subsection \<open>Splitting (P') into (S1') and (S2')\<close>

text \<open>The hypothesis \<open>d = c\<^sub>y\<close> is built in: \<open>c\<^sub>y\<close> is passed for \<open>d\<close> throughout.\<close>

locale benders_subproblems =
  fixes A :: "real^'n1^'m" and B :: "real^'n2^'m" and b :: "real^'m" and cy :: "real^'n2"
    and Gxy :: "real^'n1^'p" and Gy :: "real^'n2^'p" and hy :: "real^'p"
    and Gx\<psi> :: "real^'n1^'l" and G\<psi> :: "real^'m^'l" and h\<psi> :: "real^'l"
    and K\<psi> :: "real^'m^'q" and Ks :: "real^'r^'q" and Kx :: "real^'n1^'q" and k :: "real^'q"
    and xh :: "real^'n1"
begin

abbreviation "F1 \<equiv> S1_feas B G\<psi> K\<psi> Ks b"
abbreviation "f1 \<equiv> S1_obj cy h\<psi> Gx\<psi> k Kx xh"
abbreviation "Oc \<equiv> frakO F1 f1"
abbreviation "F2 \<equiv> S2_feas B Gy cy cy Oc"
abbreviation "f2 \<equiv> S2_obj b A hy Gxy xh Oc"
abbreviation "F2' \<equiv> S2'_feas B Gy cy"
abbreviation "f2' \<equiv> S2'_obj b A hy Gxy xh"
abbreviation "FP \<equiv> P_feas B G\<psi> K\<psi> Ks Gy b cy cy"
abbreviation "fP \<equiv> P_obj b A hy Gxy h\<psi> Gx\<psi> cy k Kx xh"

abbreviation "dual_lhs \<psi> uy \<equiv> transpose B *v \<psi> + transpose Gy *v uy"
abbreviation "primal_lhs y u\<psi> v \<equiv> B *v y - transpose G\<psi> *v u\<psi> - transpose K\<psi> *v v"

text \<open>The simp rule \<open>transpose_matrix_vector\<close> turns \<open>transpose M *v x\<close> into \<open>x v* M\<close>; it is
  deleted wherever the shapes of \<open>dual_lhs\<close> and \<open>primal_lhs\<close> must survive simplification.\<close>

lemma mem_F2_iff:
  "(\<psi>, uy, w) \<in> F2 \<longleftrightarrow> dual_lhs \<psi> uy \<le> (w + 1) *\<^sub>R cy \<and> 0 \<le> \<psi> \<and> 0 \<le> uy \<and> 0 \<le> w
     \<and> (Oc = \<infinity> \<longrightarrow> w = 0)"
  by (simp add: S2_feas_def scaleR_left_distrib)

lemma mem_FP_iff:
  "(\<psi>, uy, w, y, u\<psi>, v) \<in> FP \<longleftrightarrow> w *\<^sub>R b \<le> primal_lhs y u\<psi> v
     \<and> dual_lhs \<psi> uy \<le> (w + 1) *\<^sub>R cy \<and> transpose Ks *v v \<le> w *\<^sub>R vec 1
     \<and> 0 \<le> \<psi> \<and> 0 \<le> uy \<and> 0 \<le> u\<psi> \<and> 0 \<le> w \<and> 0 \<le> y \<and> 0 \<le> v"
  by (auto simp: P_feas_def scaleR_left_distrib)

lemma F2'_embed_F2: "(\<psi>, uy) \<in> F2' \<Longrightarrow> (\<psi>, uy, 0) \<in> F2"
  by (simp add: mem_F2_iff S2'_feas_def)

lemma S2_obj_embed [simp]: "f2 (\<psi>, uy, 0) = f2' (\<psi>, uy)"
  by (simp add: S2_obj_eq)

lemma F2'_embed_FP: "(\<psi>, uy) \<in> F2' \<Longrightarrow> (\<psi>, uy, 0, 0, 0, 0) \<in> FP"
  by (simp add: mem_FP_iff S2'_feas_def)

lemma P_obj_embed [simp]: "fP (\<psi>, uy, 0, 0, 0, 0) = f2' (\<psi>, uy)"
  by (simp add: P_obj_eq S1_obj_def)

lemma dual_lhs_add_scaleR:
  "dual_lhs (\<psi> + t *\<^sub>R \<psi>') (uy + t *\<^sub>R uy') = dual_lhs \<psi> uy + t *\<^sub>R dual_lhs \<psi>' uy'"
  by (simp add: algebra_simps del: transpose_matrix_vector)

lemma primal_lhs_add_scaleR:
  "primal_lhs (y + t *\<^sub>R y') (u\<psi> + t *\<^sub>R u\<psi>') (v + t *\<^sub>R v')
     = primal_lhs y u\<psi> v + t *\<^sub>R primal_lhs y' u\<psi>' v'"
  by (simp add: algebra_simps del: transpose_matrix_vector)

lemma Ks_add_scaleR: "transpose Ks *v (v + t *\<^sub>R v') = transpose Ks *v v + t *\<^sub>R (transpose Ks *v v')"
  by (simp add: algebra_simps del: transpose_matrix_vector)

lemma F2'_inverse_scaled:
  assumes "dual_lhs \<psi> uy \<le> s *\<^sub>R cy" and "0 \<le> \<psi>" and "0 \<le> uy" and "0 < s"
  shows "inverse s *\<^sub>R (\<psi>, uy) \<in> F2'"
proof -
  have "dual_lhs (inverse s *\<^sub>R \<psi>) (inverse s *\<^sub>R uy) = inverse s *\<^sub>R dual_lhs \<psi> uy"
    using dual_lhs_add_scaleR[of 0 "inverse s" \<psi> 0 uy] by simp
  also have "\<dots> \<le> inverse s *\<^sub>R (s *\<^sub>R cy)"
    using assms(1,4) by (intro scaleR_left_mono) auto
  finally show ?thesis
    using assms(2-4) by (auto simp: S2'_feas_def intro!: scaleR_nonneg_nonneg)
qed

lemma F1_inverse_scaled:
  assumes "w *\<^sub>R b \<le> primal_lhs y u\<psi> v" and "transpose Ks *v v \<le> w *\<^sub>R vec 1"
    and "0 \<le> y" and "0 \<le> u\<psi>" and "0 \<le> v" and "0 < w"
  shows "inverse w *\<^sub>R (y, u\<psi>, v) \<in> F1"
proof -
  have "b = inverse w *\<^sub>R (w *\<^sub>R b)"
    using assms(6) by simp
  also have "\<dots> \<le> inverse w *\<^sub>R primal_lhs y u\<psi> v"
    using assms(1,6) by (intro scaleR_left_mono) auto
  also have "\<dots> = primal_lhs (inverse w *\<^sub>R y) (inverse w *\<^sub>R u\<psi>) (inverse w *\<^sub>R v)"
    using primal_lhs_add_scaleR[of 0 "inverse w" y 0 u\<psi> 0 v] by simp
  finally have primal: "b \<le> primal_lhs (inverse w *\<^sub>R y) (inverse w *\<^sub>R u\<psi>) (inverse w *\<^sub>R v)" .
  have "transpose Ks *v (inverse w *\<^sub>R v) = inverse w *\<^sub>R (transpose Ks *v v)"
    using Ks_add_scaleR[of 0 "inverse w" v] by simp
  also have "\<dots> \<le> inverse w *\<^sub>R (w *\<^sub>R vec 1)"
    using assms(2,6) by (intro scaleR_left_mono) auto
  also have "\<dots> = vec 1"
    using assms(6) by simp
  finally show ?thesis
    using primal assms(3-6) by (auto simp: S1_feas_def intro!: scaleR_nonneg_nonneg)
qed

#####

**Your task**
Copy the entries above exactly, but only from the line holding "s *\<^sub>R (s" through the line holding "using assms(1,6) by", both included.

**Exercise solution**
  also have "\<dots> \<le> inverse s *\<^sub>R (s *\<^sub>R cy)"
    using assms(1,4) by (intro scaleR_left_mono) auto
  finally show ?thesis
    using assms(2-4) by (auto simp: S2'_feas_def intro!: scaleR_nonneg_nonneg)
qed

lemma F1_inverse_scaled:
  assumes "w *\<^sub>R b \<le> primal_lhs y u\<psi> v" and "transpose Ks *v v \<le> w *\<^sub>R vec 1"
    and "0 \<le> y" and "0 \<le> u\<psi>" and "0 \<le> v" and "0 < w"
  shows "inverse w *\<^sub>R (y, u\<psi>, v) \<in> F1"
proof -
  have "b = inverse w *\<^sub>R (w *\<^sub>R b)"
    using assms(6) by simp
  also have "\<dots> \<le> inverse w *\<^sub>R primal_lhs y u\<psi> v"
    using assms(1,6) by (intro scaleR_left_mono) auto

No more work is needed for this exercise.